- EXERCISE -
Whenever a line in the records below contains "shows", pick it out.

- PROVIDED RECORDS -
Content starts
lemma perf_from_eq_sum_point_masses:
  fixes p :: "'s::finite \<Rightarrow> 'a::finite \<Rightarrow> 's \<Rightarrow> real"
  assumes "\<And>s a. is_distribution (p s a)" and "is_policy \<pi>" and "0 \<le> \<gamma>" and "\<gamma> < 1"
  shows "perf_from \<gamma> p r d \<pi> = (\<Sum>s0\<in>UNIV. d s0 * perf_from \<gamma> p r (\<lambda>x. if x = s0 then 1 else 0) \<pi>)"
proof -
  let ?term = "\<lambda>s0 t. \<gamma> ^ t *
      expected_reward p r \<pi> (state_dist p \<pi> (\<lambda>x. if x = s0 then 1 else 0) t)"
  have "is_distribution (\<lambda>x. if x = s0 then 1 else 0)" for s0 :: 's
    by (simp add: is_distribution_def)
  then have summable: "summable (?term s0)" for s0
    using assms by (intro summable_discounted_expected_reward)
  have "perf_from \<gamma> p r d \<pi> = (\<Sum>t. \<Sum>s0\<in>UNIV. d s0 * ?term s0 t)"
    unfolding perf_from_eq_suminf_expected_reward
    by (subst state_dist_eq_sum_point_masses)
       (simp add: expected_reward_sum expected_reward_scale sum_distrib_left mult_ac)
  also have "\<dots> = (\<Sum>s0\<in>UNIV. \<Sum>t. d s0 * ?term s0 t)"
    using summable by (intro suminf_sum summable_mult)
  also have "\<dots> = (\<Sum>s0\<in>UNIV. d s0 * perf_from \<gamma> p r (\<lambda>x. if x = s0 then 1 else 0) \<pi>)"
    using summable by (simp add: suminf_mult perf_from_eq_suminf_expected_reward)
  finally show ?thesis .
qed

lemma J_eq_sum_init_V:
  assumes "valid_model m" and "is_policy \<pi>" and "0 \<le> \<gamma>" and "\<gamma> < 1"
  shows "J \<gamma> m \<pi> = (\<Sum>s\<in>UNIV. init_of m s * V \<gamma> m \<pi> s)"
  using assms unfolding J_def V_def valid_model_iff_distributions
  by (intro perf_from_eq_sum_point_masses) auto

lemma J_mono_V:
  assumes "valid_model m" and "is_policy \<pi>" and "is_policy \<pi>'" and "0 \<le> \<gamma>" and "\<gamma> < 1"
    and "\<And>s. V \<gamma> m \<pi> s \<le> V \<gamma> m \<pi>' s"
  shows "J \<gamma> m \<pi> \<le> J \<gamma> m \<pi>'"
proof -
  have "\<And>s. 0 \<le> init_of m s"
    using assms(1) by (simp add: valid_model_def)
  then show ?thesis
    using assms by (simp add: J_eq_sum_init_V sum_mono mult_left_mono)
qed

theorem proposition2:
  fixes \<gamma> :: real
    and mstar m :: "('s::finite, 'a::finite) model"
    and \<pi>b \<pi>r \<pi>ce :: "('s, 'a) policy"
  assumes "0 \<le> \<gamma>" and "\<gamma> < 1"
    and "valid_model mstar" and "valid_model m"
    and "is_policy \<pi>b"
    and "is_rollout_policy \<gamma> m \<pi>b \<pi>r"
    and "is_ce_policy \<gamma> m \<pi>ce"
    and "is_PRM \<gamma> m mstar {\<pi>r, \<pi>ce}"
  shows "J \<gamma> mstar \<pi>ce \<ge> J \<gamma> mstar \<pi>r"
proof -
  have "is_policy \<pi>r"
    using assms(6) by (simp add: is_rollout_policy_def)
  with assms(7) have "is_policy \<pi>ce" and "\<And>s. V \<gamma> m \<pi>r s \<le> V \<gamma> m \<pi>ce s"
    by (auto simp: is_ce_policy_def)
  with \<open>is_policy \<pi>r\<close> assms(1,2,4) have "J \<gamma> m \<pi>r \<le> J \<gamma> m \<pi>ce"
    by (intro J_mono_V)
  with assms(8) show ?thesis
    by (simp add: is_PRM_def)
qed

end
Content ends
- RESULT -
  shows "perf_from \<gamma> p r d \<pi> = (\<Sum>s0\<in>UNIV. d s0 * perf_from \<gamma> p r (\<lambda>x. if x = s0 then 1 else 0) \<pi>)"
  shows "J \<gamma> m \<pi> = (\<Sum>s\<in>UNIV. init_of m s * V \<gamma> m \<pi> s)"
  shows "J \<gamma> m \<pi> \<le> J \<gamma> m \<pi>'"
  shows "J \<gamma> mstar \<pi>ce \<ge> J \<gamma> mstar \<pi>r"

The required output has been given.